━━━━━ DATA SUPPLIED ━━━━━

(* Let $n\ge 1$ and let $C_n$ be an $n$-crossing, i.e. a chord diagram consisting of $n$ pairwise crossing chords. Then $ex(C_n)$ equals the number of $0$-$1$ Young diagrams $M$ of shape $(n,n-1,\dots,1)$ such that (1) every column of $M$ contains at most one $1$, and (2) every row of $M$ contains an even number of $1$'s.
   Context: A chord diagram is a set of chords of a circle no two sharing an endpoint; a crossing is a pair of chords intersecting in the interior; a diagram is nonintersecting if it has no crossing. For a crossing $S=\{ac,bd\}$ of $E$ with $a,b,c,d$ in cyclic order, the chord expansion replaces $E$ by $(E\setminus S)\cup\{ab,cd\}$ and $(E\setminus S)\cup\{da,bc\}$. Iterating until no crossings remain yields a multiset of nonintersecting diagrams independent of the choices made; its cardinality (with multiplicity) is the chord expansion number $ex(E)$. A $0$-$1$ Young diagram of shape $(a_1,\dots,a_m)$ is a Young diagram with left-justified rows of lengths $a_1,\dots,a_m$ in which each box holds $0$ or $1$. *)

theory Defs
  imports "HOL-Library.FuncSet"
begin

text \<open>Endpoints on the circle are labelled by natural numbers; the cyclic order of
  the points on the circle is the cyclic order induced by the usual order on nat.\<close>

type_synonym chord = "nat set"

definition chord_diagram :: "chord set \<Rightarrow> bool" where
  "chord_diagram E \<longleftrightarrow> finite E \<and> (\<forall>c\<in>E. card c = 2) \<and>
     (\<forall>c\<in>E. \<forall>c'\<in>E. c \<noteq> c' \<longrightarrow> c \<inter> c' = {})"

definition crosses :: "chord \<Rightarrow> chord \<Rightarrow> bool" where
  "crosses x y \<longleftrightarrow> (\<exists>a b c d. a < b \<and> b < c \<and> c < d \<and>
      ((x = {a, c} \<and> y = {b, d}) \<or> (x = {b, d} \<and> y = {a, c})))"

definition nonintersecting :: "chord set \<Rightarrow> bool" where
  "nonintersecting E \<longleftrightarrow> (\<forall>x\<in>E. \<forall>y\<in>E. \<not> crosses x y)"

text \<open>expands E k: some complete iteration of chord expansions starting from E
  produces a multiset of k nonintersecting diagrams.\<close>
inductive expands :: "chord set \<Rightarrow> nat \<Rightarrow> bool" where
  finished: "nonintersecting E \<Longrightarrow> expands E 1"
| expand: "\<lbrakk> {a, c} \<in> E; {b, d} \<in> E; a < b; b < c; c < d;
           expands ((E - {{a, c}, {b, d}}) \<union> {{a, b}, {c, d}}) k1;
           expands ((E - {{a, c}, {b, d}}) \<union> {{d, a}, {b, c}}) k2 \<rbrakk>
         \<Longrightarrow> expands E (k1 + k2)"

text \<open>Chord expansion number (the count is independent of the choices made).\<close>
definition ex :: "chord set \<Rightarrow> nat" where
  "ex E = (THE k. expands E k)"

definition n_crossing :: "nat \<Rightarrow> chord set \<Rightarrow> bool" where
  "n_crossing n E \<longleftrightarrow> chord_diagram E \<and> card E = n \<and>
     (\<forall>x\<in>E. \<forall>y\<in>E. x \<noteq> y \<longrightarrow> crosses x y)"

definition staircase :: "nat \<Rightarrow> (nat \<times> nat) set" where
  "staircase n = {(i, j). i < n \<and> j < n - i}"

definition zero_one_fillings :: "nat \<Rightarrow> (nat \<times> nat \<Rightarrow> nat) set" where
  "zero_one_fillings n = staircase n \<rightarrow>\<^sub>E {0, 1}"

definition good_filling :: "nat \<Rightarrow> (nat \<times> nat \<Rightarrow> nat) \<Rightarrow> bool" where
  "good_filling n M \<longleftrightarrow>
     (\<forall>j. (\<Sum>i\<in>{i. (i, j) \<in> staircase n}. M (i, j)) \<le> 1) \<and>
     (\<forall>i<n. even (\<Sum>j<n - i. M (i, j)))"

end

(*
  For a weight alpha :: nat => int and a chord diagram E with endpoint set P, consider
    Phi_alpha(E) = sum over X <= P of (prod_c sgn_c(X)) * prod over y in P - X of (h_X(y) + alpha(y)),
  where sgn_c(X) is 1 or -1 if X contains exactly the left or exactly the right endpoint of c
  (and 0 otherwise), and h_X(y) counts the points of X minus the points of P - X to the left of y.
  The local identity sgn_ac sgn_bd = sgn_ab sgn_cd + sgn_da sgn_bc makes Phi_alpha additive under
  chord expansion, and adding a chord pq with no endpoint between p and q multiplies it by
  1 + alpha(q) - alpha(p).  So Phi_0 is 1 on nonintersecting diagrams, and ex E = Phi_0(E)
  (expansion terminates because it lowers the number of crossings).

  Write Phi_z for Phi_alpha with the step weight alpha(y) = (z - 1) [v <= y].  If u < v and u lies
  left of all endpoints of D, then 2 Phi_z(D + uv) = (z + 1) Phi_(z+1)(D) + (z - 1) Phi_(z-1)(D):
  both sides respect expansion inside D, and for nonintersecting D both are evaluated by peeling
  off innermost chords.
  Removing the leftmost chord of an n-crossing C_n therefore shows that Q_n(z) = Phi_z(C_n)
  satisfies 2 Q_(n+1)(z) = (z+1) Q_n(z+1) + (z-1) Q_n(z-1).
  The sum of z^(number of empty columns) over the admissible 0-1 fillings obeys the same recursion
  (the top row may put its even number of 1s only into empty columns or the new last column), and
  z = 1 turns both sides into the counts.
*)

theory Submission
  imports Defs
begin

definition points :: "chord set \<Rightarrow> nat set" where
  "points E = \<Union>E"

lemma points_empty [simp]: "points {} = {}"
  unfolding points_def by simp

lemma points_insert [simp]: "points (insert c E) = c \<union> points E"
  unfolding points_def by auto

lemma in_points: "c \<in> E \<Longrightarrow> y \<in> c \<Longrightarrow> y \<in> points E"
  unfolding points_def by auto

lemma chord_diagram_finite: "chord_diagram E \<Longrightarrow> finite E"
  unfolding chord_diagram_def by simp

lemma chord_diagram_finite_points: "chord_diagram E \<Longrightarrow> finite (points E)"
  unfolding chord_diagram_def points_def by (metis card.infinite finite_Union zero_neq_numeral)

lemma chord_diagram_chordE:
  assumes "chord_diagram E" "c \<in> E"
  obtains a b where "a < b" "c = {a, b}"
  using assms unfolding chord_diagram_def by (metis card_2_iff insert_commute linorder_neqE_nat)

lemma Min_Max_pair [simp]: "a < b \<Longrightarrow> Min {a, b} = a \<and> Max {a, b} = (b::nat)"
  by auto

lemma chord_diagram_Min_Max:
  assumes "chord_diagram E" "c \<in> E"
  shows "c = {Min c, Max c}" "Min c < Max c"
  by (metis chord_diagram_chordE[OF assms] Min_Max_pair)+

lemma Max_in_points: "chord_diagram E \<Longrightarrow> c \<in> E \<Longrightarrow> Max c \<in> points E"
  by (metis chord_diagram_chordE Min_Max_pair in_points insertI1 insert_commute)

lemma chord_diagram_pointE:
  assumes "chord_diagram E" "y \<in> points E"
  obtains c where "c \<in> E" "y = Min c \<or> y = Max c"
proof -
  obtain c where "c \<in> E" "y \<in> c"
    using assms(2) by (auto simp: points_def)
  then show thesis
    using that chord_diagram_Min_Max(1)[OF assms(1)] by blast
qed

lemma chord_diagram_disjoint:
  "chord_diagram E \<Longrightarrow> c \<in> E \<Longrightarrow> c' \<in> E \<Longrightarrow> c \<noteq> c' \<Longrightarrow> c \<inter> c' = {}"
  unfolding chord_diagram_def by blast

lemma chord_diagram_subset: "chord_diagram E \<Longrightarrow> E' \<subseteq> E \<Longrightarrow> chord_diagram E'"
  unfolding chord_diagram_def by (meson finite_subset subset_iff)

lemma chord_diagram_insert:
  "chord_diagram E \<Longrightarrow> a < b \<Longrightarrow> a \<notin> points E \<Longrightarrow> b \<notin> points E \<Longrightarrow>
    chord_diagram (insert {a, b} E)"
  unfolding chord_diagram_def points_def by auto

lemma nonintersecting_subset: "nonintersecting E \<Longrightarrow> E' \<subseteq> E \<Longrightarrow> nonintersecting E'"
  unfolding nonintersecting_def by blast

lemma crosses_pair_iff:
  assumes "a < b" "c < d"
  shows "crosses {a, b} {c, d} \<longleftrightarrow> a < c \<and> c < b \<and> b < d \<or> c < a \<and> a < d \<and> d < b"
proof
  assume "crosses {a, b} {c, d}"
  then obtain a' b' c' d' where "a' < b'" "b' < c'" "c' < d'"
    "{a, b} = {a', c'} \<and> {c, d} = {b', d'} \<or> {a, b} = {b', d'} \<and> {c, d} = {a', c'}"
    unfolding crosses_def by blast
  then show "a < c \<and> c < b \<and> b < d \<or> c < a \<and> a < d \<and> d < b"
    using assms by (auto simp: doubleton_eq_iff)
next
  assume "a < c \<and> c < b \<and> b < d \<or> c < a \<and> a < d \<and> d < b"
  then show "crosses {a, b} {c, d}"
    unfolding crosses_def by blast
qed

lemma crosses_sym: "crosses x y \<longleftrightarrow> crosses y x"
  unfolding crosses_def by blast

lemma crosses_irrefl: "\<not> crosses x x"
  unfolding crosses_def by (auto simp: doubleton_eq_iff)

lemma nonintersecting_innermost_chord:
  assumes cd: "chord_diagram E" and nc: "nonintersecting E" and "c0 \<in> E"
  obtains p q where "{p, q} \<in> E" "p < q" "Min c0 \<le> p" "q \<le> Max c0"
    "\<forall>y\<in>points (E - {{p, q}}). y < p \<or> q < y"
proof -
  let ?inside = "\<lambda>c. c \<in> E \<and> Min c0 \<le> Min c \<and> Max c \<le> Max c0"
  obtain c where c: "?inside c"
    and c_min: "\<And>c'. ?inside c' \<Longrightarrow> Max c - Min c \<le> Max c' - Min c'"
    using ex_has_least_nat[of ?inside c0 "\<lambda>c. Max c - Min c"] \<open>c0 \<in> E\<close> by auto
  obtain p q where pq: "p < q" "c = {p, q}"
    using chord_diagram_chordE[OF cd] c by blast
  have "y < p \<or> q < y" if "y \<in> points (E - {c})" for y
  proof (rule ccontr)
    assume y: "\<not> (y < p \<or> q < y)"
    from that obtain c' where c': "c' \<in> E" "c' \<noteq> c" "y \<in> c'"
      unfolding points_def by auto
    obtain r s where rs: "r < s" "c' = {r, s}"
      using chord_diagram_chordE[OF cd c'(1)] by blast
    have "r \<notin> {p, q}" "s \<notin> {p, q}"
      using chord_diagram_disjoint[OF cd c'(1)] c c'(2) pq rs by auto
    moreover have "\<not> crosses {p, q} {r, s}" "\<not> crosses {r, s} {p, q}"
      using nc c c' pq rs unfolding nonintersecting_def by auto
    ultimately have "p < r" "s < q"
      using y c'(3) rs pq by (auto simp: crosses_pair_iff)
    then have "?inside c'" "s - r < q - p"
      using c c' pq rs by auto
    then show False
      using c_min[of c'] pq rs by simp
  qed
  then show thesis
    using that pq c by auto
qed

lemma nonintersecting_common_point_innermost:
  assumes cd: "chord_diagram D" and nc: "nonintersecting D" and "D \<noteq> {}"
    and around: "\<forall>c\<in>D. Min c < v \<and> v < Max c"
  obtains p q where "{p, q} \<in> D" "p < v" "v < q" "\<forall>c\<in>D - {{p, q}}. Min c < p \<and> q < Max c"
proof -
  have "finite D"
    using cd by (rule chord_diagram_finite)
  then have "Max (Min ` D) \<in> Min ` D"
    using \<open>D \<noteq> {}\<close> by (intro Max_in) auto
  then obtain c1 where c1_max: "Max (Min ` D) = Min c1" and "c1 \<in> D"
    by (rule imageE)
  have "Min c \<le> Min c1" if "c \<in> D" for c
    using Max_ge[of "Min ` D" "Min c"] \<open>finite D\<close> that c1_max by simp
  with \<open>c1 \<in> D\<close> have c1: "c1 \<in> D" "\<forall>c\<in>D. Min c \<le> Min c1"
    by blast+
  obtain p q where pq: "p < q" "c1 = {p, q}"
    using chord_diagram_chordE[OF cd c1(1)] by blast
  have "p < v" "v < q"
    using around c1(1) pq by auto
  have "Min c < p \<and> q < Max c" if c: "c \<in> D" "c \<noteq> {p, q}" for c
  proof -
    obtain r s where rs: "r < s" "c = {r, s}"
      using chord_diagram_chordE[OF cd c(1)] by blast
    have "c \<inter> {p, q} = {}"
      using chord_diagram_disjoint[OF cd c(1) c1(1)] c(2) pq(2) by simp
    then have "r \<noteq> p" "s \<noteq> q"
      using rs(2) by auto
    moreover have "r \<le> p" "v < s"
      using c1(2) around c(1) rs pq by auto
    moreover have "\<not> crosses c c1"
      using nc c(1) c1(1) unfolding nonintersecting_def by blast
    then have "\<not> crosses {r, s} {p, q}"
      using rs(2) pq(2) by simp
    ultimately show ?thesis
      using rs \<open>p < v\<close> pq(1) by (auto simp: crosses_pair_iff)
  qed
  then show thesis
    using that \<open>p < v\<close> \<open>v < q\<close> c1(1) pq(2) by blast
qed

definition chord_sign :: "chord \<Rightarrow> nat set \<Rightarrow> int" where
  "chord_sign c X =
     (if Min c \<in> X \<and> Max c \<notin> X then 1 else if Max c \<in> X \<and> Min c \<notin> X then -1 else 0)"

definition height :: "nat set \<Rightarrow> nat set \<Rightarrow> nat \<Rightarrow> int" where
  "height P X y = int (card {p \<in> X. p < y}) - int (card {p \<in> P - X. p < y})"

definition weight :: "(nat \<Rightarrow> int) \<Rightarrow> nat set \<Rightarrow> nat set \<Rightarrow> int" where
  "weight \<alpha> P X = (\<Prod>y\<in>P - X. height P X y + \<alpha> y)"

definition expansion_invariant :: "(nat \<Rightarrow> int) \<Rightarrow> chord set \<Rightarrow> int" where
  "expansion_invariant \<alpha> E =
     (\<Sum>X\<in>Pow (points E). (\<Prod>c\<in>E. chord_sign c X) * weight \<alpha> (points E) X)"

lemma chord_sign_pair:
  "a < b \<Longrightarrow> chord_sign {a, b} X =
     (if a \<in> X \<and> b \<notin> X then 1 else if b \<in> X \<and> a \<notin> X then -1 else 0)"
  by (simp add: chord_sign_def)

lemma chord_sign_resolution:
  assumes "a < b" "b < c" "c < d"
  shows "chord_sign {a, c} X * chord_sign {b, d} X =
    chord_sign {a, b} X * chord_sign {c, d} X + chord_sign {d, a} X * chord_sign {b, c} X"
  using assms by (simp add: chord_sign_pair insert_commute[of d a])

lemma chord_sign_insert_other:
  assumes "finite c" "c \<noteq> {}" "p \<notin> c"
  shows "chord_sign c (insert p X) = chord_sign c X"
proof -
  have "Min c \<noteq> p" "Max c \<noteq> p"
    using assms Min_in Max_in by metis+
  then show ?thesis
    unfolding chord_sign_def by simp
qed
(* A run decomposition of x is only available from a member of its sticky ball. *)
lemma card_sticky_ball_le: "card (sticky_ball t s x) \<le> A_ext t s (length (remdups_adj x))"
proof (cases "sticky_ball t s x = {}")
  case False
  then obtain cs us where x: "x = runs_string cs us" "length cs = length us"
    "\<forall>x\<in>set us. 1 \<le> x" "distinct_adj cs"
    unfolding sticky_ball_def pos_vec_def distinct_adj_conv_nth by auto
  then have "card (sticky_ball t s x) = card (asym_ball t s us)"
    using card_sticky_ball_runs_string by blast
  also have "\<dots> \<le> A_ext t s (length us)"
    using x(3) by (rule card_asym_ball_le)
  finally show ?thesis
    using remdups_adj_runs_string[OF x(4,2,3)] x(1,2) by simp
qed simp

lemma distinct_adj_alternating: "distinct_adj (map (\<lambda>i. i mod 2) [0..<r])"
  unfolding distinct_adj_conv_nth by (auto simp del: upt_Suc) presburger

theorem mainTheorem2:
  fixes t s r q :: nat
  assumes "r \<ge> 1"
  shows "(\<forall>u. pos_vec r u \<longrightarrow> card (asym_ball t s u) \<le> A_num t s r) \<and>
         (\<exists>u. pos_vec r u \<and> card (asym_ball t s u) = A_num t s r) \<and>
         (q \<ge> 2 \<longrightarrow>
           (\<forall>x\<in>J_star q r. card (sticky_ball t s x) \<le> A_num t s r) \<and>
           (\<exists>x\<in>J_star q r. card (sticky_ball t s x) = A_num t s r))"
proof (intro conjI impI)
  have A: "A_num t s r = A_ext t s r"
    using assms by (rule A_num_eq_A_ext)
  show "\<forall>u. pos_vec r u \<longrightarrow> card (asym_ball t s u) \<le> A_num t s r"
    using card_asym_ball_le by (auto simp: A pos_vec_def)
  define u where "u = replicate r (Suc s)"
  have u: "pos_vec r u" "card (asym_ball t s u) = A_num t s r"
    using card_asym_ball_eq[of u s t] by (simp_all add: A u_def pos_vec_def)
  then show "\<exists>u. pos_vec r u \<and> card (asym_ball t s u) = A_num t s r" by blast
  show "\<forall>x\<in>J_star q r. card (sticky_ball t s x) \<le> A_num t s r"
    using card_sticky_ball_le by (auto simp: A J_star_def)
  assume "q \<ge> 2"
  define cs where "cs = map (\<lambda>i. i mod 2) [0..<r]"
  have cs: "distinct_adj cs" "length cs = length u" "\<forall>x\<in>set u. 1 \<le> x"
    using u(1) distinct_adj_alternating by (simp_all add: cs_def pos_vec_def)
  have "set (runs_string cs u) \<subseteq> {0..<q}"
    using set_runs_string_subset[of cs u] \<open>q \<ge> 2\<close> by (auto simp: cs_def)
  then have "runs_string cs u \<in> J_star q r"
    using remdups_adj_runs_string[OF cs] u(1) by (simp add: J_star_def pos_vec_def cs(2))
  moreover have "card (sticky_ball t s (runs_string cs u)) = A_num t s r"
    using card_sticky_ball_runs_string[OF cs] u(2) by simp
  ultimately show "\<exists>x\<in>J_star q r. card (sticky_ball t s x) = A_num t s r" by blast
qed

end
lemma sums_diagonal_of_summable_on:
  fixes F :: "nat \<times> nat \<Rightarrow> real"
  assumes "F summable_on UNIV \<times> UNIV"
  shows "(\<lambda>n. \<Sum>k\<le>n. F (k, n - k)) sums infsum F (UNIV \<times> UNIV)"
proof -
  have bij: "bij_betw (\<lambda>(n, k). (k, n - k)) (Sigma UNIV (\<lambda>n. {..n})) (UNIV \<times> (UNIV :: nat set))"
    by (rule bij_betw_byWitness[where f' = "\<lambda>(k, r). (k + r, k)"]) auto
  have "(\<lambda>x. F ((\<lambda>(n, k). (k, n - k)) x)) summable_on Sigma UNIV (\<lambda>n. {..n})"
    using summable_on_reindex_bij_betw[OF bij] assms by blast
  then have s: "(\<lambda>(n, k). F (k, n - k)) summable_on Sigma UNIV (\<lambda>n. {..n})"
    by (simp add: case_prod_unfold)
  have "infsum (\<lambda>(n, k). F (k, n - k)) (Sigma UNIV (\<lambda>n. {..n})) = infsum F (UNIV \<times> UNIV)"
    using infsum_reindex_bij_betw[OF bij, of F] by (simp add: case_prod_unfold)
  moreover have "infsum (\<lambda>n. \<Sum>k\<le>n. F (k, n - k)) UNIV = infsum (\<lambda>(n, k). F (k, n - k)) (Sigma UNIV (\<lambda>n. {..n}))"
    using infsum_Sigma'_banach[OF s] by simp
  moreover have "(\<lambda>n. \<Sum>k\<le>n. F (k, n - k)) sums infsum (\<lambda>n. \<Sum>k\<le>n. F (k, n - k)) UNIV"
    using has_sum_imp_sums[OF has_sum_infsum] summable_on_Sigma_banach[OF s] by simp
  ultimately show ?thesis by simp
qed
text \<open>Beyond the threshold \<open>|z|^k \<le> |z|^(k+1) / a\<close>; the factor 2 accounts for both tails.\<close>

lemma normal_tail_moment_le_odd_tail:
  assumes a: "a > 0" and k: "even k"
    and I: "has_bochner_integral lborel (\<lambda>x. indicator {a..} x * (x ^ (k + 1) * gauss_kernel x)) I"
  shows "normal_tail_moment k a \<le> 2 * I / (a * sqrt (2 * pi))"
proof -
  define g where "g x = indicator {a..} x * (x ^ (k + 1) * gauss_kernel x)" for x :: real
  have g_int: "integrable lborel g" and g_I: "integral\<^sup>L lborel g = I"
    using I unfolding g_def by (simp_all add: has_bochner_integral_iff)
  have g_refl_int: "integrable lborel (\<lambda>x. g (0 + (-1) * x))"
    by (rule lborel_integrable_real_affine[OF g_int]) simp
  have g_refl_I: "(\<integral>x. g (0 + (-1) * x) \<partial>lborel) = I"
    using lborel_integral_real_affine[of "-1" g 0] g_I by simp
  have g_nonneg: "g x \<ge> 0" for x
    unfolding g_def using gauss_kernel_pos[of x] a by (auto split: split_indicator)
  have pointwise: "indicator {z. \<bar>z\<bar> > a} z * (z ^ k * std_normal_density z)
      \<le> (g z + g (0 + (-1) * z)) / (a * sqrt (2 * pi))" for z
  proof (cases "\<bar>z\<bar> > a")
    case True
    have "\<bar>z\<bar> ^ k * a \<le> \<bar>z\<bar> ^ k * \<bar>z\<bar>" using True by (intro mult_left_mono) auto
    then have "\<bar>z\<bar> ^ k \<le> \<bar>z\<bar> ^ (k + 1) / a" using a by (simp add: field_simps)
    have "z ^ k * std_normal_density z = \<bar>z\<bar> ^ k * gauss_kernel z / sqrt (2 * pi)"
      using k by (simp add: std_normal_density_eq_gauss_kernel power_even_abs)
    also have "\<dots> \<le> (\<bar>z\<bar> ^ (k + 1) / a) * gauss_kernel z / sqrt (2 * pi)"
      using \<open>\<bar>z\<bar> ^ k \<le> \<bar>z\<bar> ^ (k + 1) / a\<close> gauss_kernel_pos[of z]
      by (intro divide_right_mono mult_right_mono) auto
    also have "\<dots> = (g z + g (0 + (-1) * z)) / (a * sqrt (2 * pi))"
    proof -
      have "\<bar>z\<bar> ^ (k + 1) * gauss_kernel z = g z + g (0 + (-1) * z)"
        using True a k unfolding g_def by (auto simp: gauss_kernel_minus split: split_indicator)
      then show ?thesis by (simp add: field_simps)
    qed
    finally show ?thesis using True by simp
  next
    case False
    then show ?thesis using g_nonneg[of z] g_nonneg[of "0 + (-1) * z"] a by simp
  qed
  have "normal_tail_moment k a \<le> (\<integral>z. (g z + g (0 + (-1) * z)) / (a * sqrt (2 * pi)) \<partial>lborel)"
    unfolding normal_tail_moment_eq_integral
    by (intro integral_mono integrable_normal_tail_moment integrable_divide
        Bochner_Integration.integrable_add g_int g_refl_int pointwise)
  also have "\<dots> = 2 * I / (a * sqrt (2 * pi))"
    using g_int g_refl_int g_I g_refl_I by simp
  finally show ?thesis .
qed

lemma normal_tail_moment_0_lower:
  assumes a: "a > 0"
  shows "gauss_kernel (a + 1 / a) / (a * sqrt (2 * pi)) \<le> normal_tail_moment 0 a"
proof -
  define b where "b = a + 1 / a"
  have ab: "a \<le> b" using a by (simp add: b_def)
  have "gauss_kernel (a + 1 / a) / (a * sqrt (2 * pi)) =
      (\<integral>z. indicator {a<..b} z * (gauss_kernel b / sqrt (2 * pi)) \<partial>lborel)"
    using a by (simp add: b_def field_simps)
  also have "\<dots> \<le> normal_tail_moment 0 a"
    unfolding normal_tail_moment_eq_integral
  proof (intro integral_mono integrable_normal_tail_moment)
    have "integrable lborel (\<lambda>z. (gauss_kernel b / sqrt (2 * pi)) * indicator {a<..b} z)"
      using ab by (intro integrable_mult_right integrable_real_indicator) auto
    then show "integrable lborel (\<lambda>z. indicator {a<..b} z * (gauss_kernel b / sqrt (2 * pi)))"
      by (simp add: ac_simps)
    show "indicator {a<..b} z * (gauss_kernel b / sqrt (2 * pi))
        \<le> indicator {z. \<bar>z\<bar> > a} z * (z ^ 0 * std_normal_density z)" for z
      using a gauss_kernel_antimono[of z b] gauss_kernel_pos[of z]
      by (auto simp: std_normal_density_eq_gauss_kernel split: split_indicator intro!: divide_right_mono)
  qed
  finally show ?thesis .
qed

━━━━━

→ WHAT NEEDS TO BE DONE:
The stretch of entries above that starts with the line containing "define u where" and goes on through the line containing "t s (runs_string" is to be transcribed exactly, and no other line is to be transcribed.

→ RESPONSE BOX:
  define u where "u = replicate r (Suc s)"
  have u: "pos_vec r u" "card (asym_ball t s u) = A_num t s r"
    using card_asym_ball_eq[of u s t] by (simp_all add: A u_def pos_vec_def)
  then show "\<exists>u. pos_vec r u \<and> card (asym_ball t s u) = A_num t s r" by blast
  show "\<forall>x\<in>J_star q r. card (sticky_ball t s x) \<le> A_num t s r"
    using card_sticky_ball_le by (auto simp: A J_star_def)
  assume "q \<ge> 2"
  define cs where "cs = map (\<lambda>i. i mod 2) [0..<r]"
  have cs: "distinct_adj cs" "length cs = length u" "\<forall>x\<in>set u. 1 \<le> x"
    using u(1) distinct_adj_alternating by (simp_all add: cs_def pos_vec_def)
  have "set (runs_string cs u) \<subseteq> {0..<q}"
    using set_runs_string_subset[of cs u] \<open>q \<ge> 2\<close> by (auto simp: cs_def)
  then have "runs_string cs u \<in> J_star q r"
    using remdups_adj_runs_string[OF cs] u(1) by (simp add: J_star_def pos_vec_def cs(2))
  moreover have "card (sticky_ball t s (runs_string cs u)) = A_num t s r"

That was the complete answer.